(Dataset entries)
::::

lemma sum_circ_reindex:
  fixes x n :: nat
  assumes "x < n"
  shows "(\<Sum>a<n. h ((x + n - a) mod n)) = (\<Sum>t<n. h t)"
  by (rule sum.reindex_bij_witness[where i="\<lambda>t. (x + n - t) mod n" and j="\<lambda>t. (x + n - t) mod n"])
    (use assms in \<open>auto simp: circ_index_involution\<close>)

lemma sum_circ_window:
  fixes c :: real and r n x y :: nat
  assumes "r \<le> n" "x < n" "y < n"
  shows "(\<Sum>a<n. if (y + n - a) mod n = (x + n - a) mod n \<and> (y + n - a) mod n < r then c else 0)
    = (if x = y then c * real r else 0)"
proof (cases "x = y")
  case True
  have "(\<Sum>a<n. if (x + n - a) mod n < r then c else 0) = (\<Sum>t<n. if t < r then c else 0)"
    using sum_circ_reindex[OF \<open>x < n\<close>, of "\<lambda>t. if t < r then c else 0"] by simp
  also have "\<dots> = (\<Sum>t<r. c)"
    by (rule sum.mono_neutral_cong_right) (use assms in auto)
  finally show ?thesis using True by simp
next
  case False
  then have "(y + n - a) mod n \<noteq> (x + n - a) mod n" if "a < n" for a
    using assms that by (auto simp: circ_index_eq split: if_splits)
  then show ?thesis using False by simp
qed

lemma one_smult_mat [simp]: "(1::'a::semiring_1) \<cdot>\<^sub>m A = A"
  by (rule eq_matI) auto
lemma limit_in_subspace_plus_line:
  assumes cW: "closed W" and W: "vs.subspace W" and w: "\<And>n. w n \<in> W"
    and lim: "(\<lambda>n. w n + scale (c n) x) \<longlonglongrightarrow> y"
  shows "\<exists>\<gamma> \<delta>. (\<gamma> \<noteq> 0 \<or> \<delta> \<noteq> 0) \<and> scale \<delta> y - scale \<gamma> x \<in> W"
proof -
  \<comment> \<open>rescale \<open>(1, c\<^sub>n)\<close> to norm sum 1, so that a subsequence converges to a nonzero pair\<close>
  define d :: "nat \<Rightarrow> 'k" where "d n = of_real (1 / (1 + norm (c n)))" for n
  have sum1: "norm (d n * c n) + norm (d n) = 1" for n
    unfolding d_def by (rule norm_rescaled_pair_sum_eq_1)
  then have "norm (d n * c n) \<le> 1" "norm (d n) \<le> 1" for n
    using norm_ge_zero[of "d n"] norm_ge_zero[of "d n * c n"] by (smt (verit))+
  then obtain r \<gamma> \<delta> where r: "strict_mono r" "((\<lambda>n. d n * c n) \<circ> r) \<longlonglongrightarrow> \<gamma>" "(d \<circ> r) \<longlonglongrightarrow> \<delta>"
    using real_normed_field_bounded_pair_convergent_subsequence[of "\<lambda>n. d n * c n" 1 d] by blast
  have "norm \<gamma> + norm \<delta> = 1"
    using tendsto_unique[OF _ tendsto_add[OF tendsto_norm[OF r(2)] tendsto_norm[OF r(3)]]] sum1
    by (simp add: o_def)
  then have "\<gamma> \<noteq> 0 \<or> \<delta> \<noteq> 0" by auto
  have "scale (d n) (w n) = scale (d n) (w n + scale (c n) x) - scale (d n * c n) x" for n
    by (simp add: vs.scale_right_distrib)
  moreover have "(\<lambda>n. scale (d (r n)) (w (r n) + scale (c (r n)) x) - scale (d (r n) * c (r n)) x)
      \<longlonglongrightarrow> scale \<delta> y - scale \<gamma> x"
    using r LIMSEQ_subseq_LIMSEQ[OF lim r(1)]
    by (intro tendsto_vector_diff tendsto_vector_scale tendsto_const) (simp_all add: o_def)
  ultimately have lim': "(\<lambda>n. scale (d (r n)) (w (r n))) \<longlonglongrightarrow> scale \<delta> y - scale \<gamma> x"
    by simp
  have "\<forall>n. scale (d (r n)) (w (r n)) \<in> W"
    using W w by (simp add: vs.subspace_scale)
  then have "scale \<delta> y - scale \<gamma> x \<in> W"
    using Lim_in_closed_set[OF cW always_eventually _ lim'] by simp
  with \<open>\<gamma> \<noteq> 0 \<or> \<delta> \<noteq> 0\<close> show ?thesis by blast
qed

lemma closed_subspace_plus_line:
  assumes cW: "closed W" and W: "vs.subspace W" and "x \<notin> W"
  shows "closed {w + scale c x | w c. w \<in> W}" (is "closed ?V")
proof -
  have "y \<in> ?V" if y: "y \<in> closure ?V" for y
  proof -
    obtain \<sigma> where \<sigma>: "\<And>n. \<sigma> n \<in> ?V" "\<sigma> \<longlonglongrightarrow> y"
      using closure_imp_convergent_sequence[OF y] by blast
    then have "\<forall>n. \<exists>w c. w \<in> W \<and> \<sigma> n = w + scale c x"
      by blast
    then obtain w where "\<forall>n. \<exists>c. w n \<in> W \<and> \<sigma> n = w n + scale c x"
      by (rule choice[THEN exE])
    then obtain c where "\<forall>n. w n \<in> W \<and> \<sigma> n = w n + scale (c n) x"
      by (rule choice[THEN exE])
    then have w: "\<And>n. w n \<in> W" and \<sigma>_eq: "\<sigma> = (\<lambda>n. w n + scale (c n) x)"
      by auto
    obtain \<gamma> \<delta> where "\<gamma> \<noteq> 0 \<or> \<delta> \<noteq> 0" "scale \<delta> y - scale \<gamma> x \<in> W"
      using limit_in_subspace_plus_line[OF cW W w \<sigma>(2)[unfolded \<sigma>_eq]] by blast
    then show ?thesis
      using vs.mem_subspace_plus_line[OF W \<open>x \<notin> W\<close>] by blast
  qed
  then have "closure ?V \<subseteq> ?V" by blast
  then show ?thesis by (simp only: closure_subset_eq)
qed

lemma closed_span:
  assumes "finite B"
  shows "closed (vs.span B)"
  using assms
proof (induction B rule: finite_induct)
  case empty
  then show ?case using closed_singleton_zero by simp
next
  case (insert b B)
  show ?case
  proof (cases "b \<in> vs.span B")
    case True
    then show ?thesis using insert.IH by (simp add: vs.span_redundant)
  next
    case False
    have "(\<exists>k. y - scale k b \<in> vs.span B) \<longleftrightarrow> (\<exists>w c. y = w + scale c b \<and> w \<in> vs.span B)" for y
      by (metis add_diff_cancel diff_add_cancel)
    then have "vs.span (insert b B) = {w + scale c b | w c. w \<in> vs.span B}"
      unfolding vs.span_insert by blast
    then show ?thesis
      using closed_subspace_plus_line[OF insert.IH vs.subspace_span False] by simp
  qed
qed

::::

Copy out the entries. Change nothing.

Answer below:
lemma sum_circ_reindex:
  fixes x n :: nat
  assumes "x < n"
  shows "(\<Sum>a<n. h ((x + n - a) mod n)) = (\<Sum>t<n. h t)"
  by (rule sum.reindex_bij_witness[where i="\<lambda>t. (x + n - t) mod n" and j="\<lambda>t. (x + n - t) mod n"])
    (use assms in \<open>auto simp: circ_index_involution\<close>)

lemma sum_circ_window:
  fixes c :: real and r n x y :: nat
  assumes "r \<le> n" "x < n" "y < n"
  shows "(\<Sum>a<n. if (y + n - a) mod n = (x + n - a) mod n \<and> (y + n - a) mod n < r then c else 0)
    = (if x = y then c * real r else 0)"
proof (cases "x = y")
  case True
  have "(\<Sum>a<n. if (x + n - a) mod n < r then c else 0) = (\<Sum>t<n. if t < r then c else 0)"
    using sum_circ_reindex[OF \<open>x < n\<close>, of "\<lambda>t. if t < r then c else 0"] by simp
  also have "\<dots> = (\<Sum>t<r. c)"
    by (rule sum.mono_neutral_cong_right) (use assms in auto)
  finally show ?thesis using True by simp
next
  case False
  then have "(y + n - a) mod n \<noteq> (x + n - a) mod n" if "a < n" for a
    using assms that by (auto simp: circ_index_eq split: if_splits)
  then show ?thesis using False by simp
qed

lemma one_smult_mat [simp]: "(1::'a::semiring_1) \<cdot>\<^sub>m A = A"
  by (rule eq_matI) auto
lemma limit_in_subspace_plus_line:
  assumes cW: "closed W" and W: "vs.subspace W" and w: "\<And>n. w n \<in> W"
    and lim: "(\<lambda>n. w n + scale (c n) x) \<longlonglongrightarrow> y"
  shows "\<exists>\<gamma> \<delta>. (\<gamma> \<noteq> 0 \<or> \<delta> \<noteq> 0) \<and> scale \<delta> y - scale \<gamma> x \<in> W"
proof -
  \<comment> \<open>rescale \<open>(1, c\<^sub>n)\<close> to norm sum 1, so that a subsequence converges to a nonzero pair\<close>
  define d :: "nat \<Rightarrow> 'k" where "d n = of_real (1 / (1 + norm (c n)))" for n
  have sum1: "norm (d n * c n) + norm (d n) = 1" for n
    unfolding d_def by (rule norm_rescaled_pair_sum_eq_1)
  then have "norm (d n * c n) \<le> 1" "norm (d n) \<le> 1" for n
    using norm_ge_zero[of "d n"] norm_ge_zero[of "d n * c n"] by (smt (verit))+
  then obtain r \<gamma> \<delta> where r: "strict_mono r" "((\<lambda>n. d n * c n) \<circ> r) \<longlonglongrightarrow> \<gamma>" "(d \<circ> r) \<longlonglongrightarrow> \<delta>"
    using real_normed_field_bounded_pair_convergent_subsequence[of "\<lambda>n. d n * c n" 1 d] by blast
  have "norm \<gamma> + norm \<delta> = 1"
    using tendsto_unique[OF _ tendsto_add[OF tendsto_norm[OF r(2)] tendsto_norm[OF r(3)]]] sum1
    by (simp add: o_def)
  then have "\<gamma> \<noteq> 0 \<or> \<delta> \<noteq> 0" by auto
  have "scale (d n) (w n) = scale (d n) (w n + scale (c n) x) - scale (d n * c n) x" for n
    by (simp add: vs.scale_right_distrib)
  moreover have "(\<lambda>n. scale (d (r n)) (w (r n) + scale (c (r n)) x) - scale (d (r n) * c (r n)) x)
      \<longlonglongrightarrow> scale \<delta> y - scale \<gamma> x"
    using r LIMSEQ_subseq_LIMSEQ[OF lim r(1)]
    by (intro tendsto_vector_diff tendsto_vector_scale tendsto_const) (simp_all add: o_def)
  ultimately have lim': "(\<lambda>n. scale (d (r n)) (w (r n))) \<longlonglongrightarrow> scale \<delta> y - scale \<gamma> x"
    by simp
  have "\<forall>n. scale (d (r n)) (w (r n)) \<in> W"
    using W w by (simp add: vs.subspace_scale)
  then have "scale \<delta> y - scale \<gamma> x \<in> W"
    using Lim_in_closed_set[OF cW always_eventually _ lim'] by simp
  with \<open>\<gamma> \<noteq> 0 \<or> \<delta> \<noteq> 0\<close> show ?thesis by blast
qed

lemma closed_subspace_plus_line:
  assumes cW: "closed W" and W: "vs.subspace W" and "x \<notin> W"
  shows "closed {w + scale c x | w c. w \<in> W}" (is "closed ?V")
proof -
  have "y \<in> ?V" if y: "y \<in> closure ?V" for y
  proof -
    obtain \<sigma> where \<sigma>: "\<And>n. \<sigma> n \<in> ?V" "\<sigma> \<longlonglongrightarrow> y"
      using closure_imp_convergent_sequence[OF y] by blast
    then have "\<forall>n. \<exists>w c. w \<in> W \<and> \<sigma> n = w + scale c x"
      by blast
    then obtain w where "\<forall>n. \<exists>c. w n \<in> W \<and> \<sigma> n = w n + scale c x"
      by (rule choice[THEN exE])
    then obtain c where "\<forall>n. w n \<in> W \<and> \<sigma> n = w n + scale (c n) x"
      by (rule choice[THEN exE])
    then have w: "\<And>n. w n \<in> W" and \<sigma>_eq: "\<sigma> = (\<lambda>n. w n + scale (c n) x)"
      by auto
    obtain \<gamma> \<delta> where "\<gamma> \<noteq> 0 \<or> \<delta> \<noteq> 0" "scale \<delta> y - scale \<gamma> x \<in> W"
      using limit_in_subspace_plus_line[OF cW W w \<sigma>(2)[unfolded \<sigma>_eq]] by blast
    then show ?thesis
      using vs.mem_subspace_plus_line[OF W \<open>x \<notin> W\<close>] by blast
  qed
  then have "closure ?V \<subseteq> ?V" by blast
  then show ?thesis by (simp only: closure_subset_eq)
qed

lemma closed_span:
  assumes "finite B"
  shows "closed (vs.span B)"
  using assms
proof (induction B rule: finite_induct)
  case empty
  then show ?case using closed_singleton_zero by simp
next
  case (insert b B)
  show ?case
  proof (cases "b \<in> vs.span B")
    case True
    then show ?thesis using insert.IH by (simp add: vs.span_redundant)
  next
    case False
    have "(\<exists>k. y - scale k b \<in> vs.span B) \<longleftrightarrow> (\<exists>w c. y = w + scale c b \<and> w \<in> vs.span B)" for y
      by (metis add_diff_cancel diff_add_cancel)
    then have "vs.span (insert b B) = {w + scale c b | w c. w \<in> vs.span B}"
      unfolding vs.span_insert by blast
    then show ?thesis
      using closed_subspace_plus_line[OF insert.IH vs.subspace_span False] by simp
  qed
qed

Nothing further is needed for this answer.